2. In the initial **Choose Board Support Package** screen, select the BSP, and click **Next**.
3. In the **Select Application** screen, select the appropriate IDE from the **Target IDE** drop-down menu.
4. Click **Create** and follow the instructions printed in the bottom pane to import or open the exported project in the respective IDE.
<br>
- **Use command-line interface (CLI):**
1. Follow the instructions from the **In command-line interface (CLI)** section to create the application, and then import the libraries using the `make getlibs` command.
2. Export the application to a supported IDE using the `make <ide>` command.
3. Follow the instructions displayed in the terminal to create or import the application as an IDE project.
For a list of supported IDEs and more details, see the "Exporting to IDEs" section of the [ModusToolbox&trade; software user guide](https://www.cypress.com/ModusToolboxUserGuide) (locally available at *{ModusToolbox&trade; software install directory}/docs_{version}/mtb_user_guide.pdf*).
</details>
## Operation
If using a PSoC&trade; 64 "Secure Boot" MCU kit (like CY8CKIT-064B0S2-4343W), the PSoC&trade; 64 device must be provisioned with keys and policies before being programmed. Follow the instructions in the ["Secure Boot" SDK user guide](https://www.cypress.com/documentation/software-and-drivers/psoc-64-secure-mcu-secure-boot-sdk-user-guide) to provision the device. If the kit is already provisioned, copy-paste the keys and policy folder to the application folder.

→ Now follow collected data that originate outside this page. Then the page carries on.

(* Let $R=(V,E_R,w)$ be a connected weighted graph on a vertex set $V$ with $|V|=n\ge 3$ and edge weights in $[0,B]$. Then $$\frac{\mathrm{RS}_f(R)}{\mathrm{GS}_f}=\frac{\max_{S\subset V:\ \exists u\in S,\,v\in V\setminus S,\ \{u,v\}\notin E_R} w_1(S)}{B},$$ where $w_1(S)$ is the minimum weight among edges of $E_R$ crossing the cut $(S,V\setminus S)$.
   Context: For a weighted graph $G$, $f(G)$ denotes the total weight of a minimum spanning tree of $G$. Two graphs on the same vertex set $V$ are edge-weight adjacent if one is obtained from the other by adding one edge $e\in\binom{V}{2}$ not already present, with a weight in $[0,B]$. The global sensitivity $\mathrm{GS}_f$ is the maximum of $|f(G)-f(G')|$ over all pairs of edge-weight adjacent connected graphs on $n$ vertices with edge weights in $[0,B]$. The retain sensitivity is $\mathrm{RS}_f(R)=\max|f((V,E_R))-f((V,E_R\cup\{e\}))|$, the maximum over edges $e\in\binom{V}{2}\setminus E_R$ and over weights $w(e)\in[0,B]$. *)

theory Defs
  imports Complex_Main
begin

text \<open>Graphs on a vertex set V: edges are 2-element subsets of V.
  Weights are functions on edges (only values on the edge set matter).\<close>

definition edges_on :: "'a set \<Rightarrow> 'a set set" where
  "edges_on V = {e. e \<subseteq> V \<and> card e = 2}"

definition graph_connected :: "'a set \<Rightarrow> 'a set set \<Rightarrow> bool" where
  "graph_connected V E \<longleftrightarrow>
     (\<forall>u\<in>V. \<forall>v\<in>V. (u, v) \<in> {(x, y). {x, y} \<in> E}\<^sup>*)"

definition spanning_tree :: "'a set \<Rightarrow> 'a set set \<Rightarrow> 'a set set \<Rightarrow> bool" where
  "spanning_tree V E T \<longleftrightarrow> T \<subseteq> E \<and> graph_connected V T \<and>
     (\<forall>e\<in>T. \<not> graph_connected V (T - {e}))"

definition mst_weight :: "'a set \<Rightarrow> 'a set set \<Rightarrow> ('a set \<Rightarrow> real) \<Rightarrow> real" where
  "mst_weight V E w = Min {(\<Sum>e\<in>T. w e) | T. spanning_tree V E T}"

definition weighted_graph :: "'a set \<Rightarrow> 'a set set \<Rightarrow> ('a set \<Rightarrow> real) \<Rightarrow> real \<Rightarrow> bool" where
  "weighted_graph V E w B \<longleftrightarrow> E \<subseteq> edges_on V \<and> (\<forall>e\<in>E. 0 \<le> w e \<and> w e \<le> B)"

definition max_or0 :: "real set \<Rightarrow> real" where
  "max_or0 A = (if A = {} then 0 else Sup A)"

definition GS_mst :: "'a set \<Rightarrow> real \<Rightarrow> real" where
  "GS_mst V B = Sup {\<bar>mst_weight V E w - mst_weight V (insert e E) (w(e := x))\<bar> | E w e x.
      weighted_graph V E w B \<and> graph_connected V E \<and>
      e \<in> edges_on V \<and> e \<notin> E \<and> 0 \<le> x \<and> x \<le> B}"

definition RS_mst :: "'a set \<Rightarrow> 'a set set \<Rightarrow> ('a set \<Rightarrow> real) \<Rightarrow> real \<Rightarrow> real" where
  "RS_mst V E w B = max_or0 {\<bar>mst_weight V E w - mst_weight V (insert e E) (w(e := x))\<bar> | e x.
      e \<in> edges_on V \<and> e \<notin> E \<and> 0 \<le> x \<and> x \<le> B}"

definition cut_min_weight :: "'a set \<Rightarrow> 'a set set \<Rightarrow> ('a set \<Rightarrow> real) \<Rightarrow> 'a set \<Rightarrow> real" where
  "cut_min_weight V E w S = Min {w e | e. e \<in> E \<and> (\<exists>u\<in>S. \<exists>v\<in>V - S. e = {u, v})}"

end

theory Submission
  imports Defs
begin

1. Connect the board to your PC using the provided USB cable through the KitProg3 USB connector.
2. Open a terminal program and select the KitProg3 COM port. Set the serial port parameters to 8N1 and 115200 baud.
3. Insert a microSD card in the SD slot. Refer to the kit's guide to its location.
4. Program the board using one of the following:
<details><summary><b>Using Eclipse IDE for ModusToolbox&trade; software</b></summary>
1. Select the application project in the Project Explorer.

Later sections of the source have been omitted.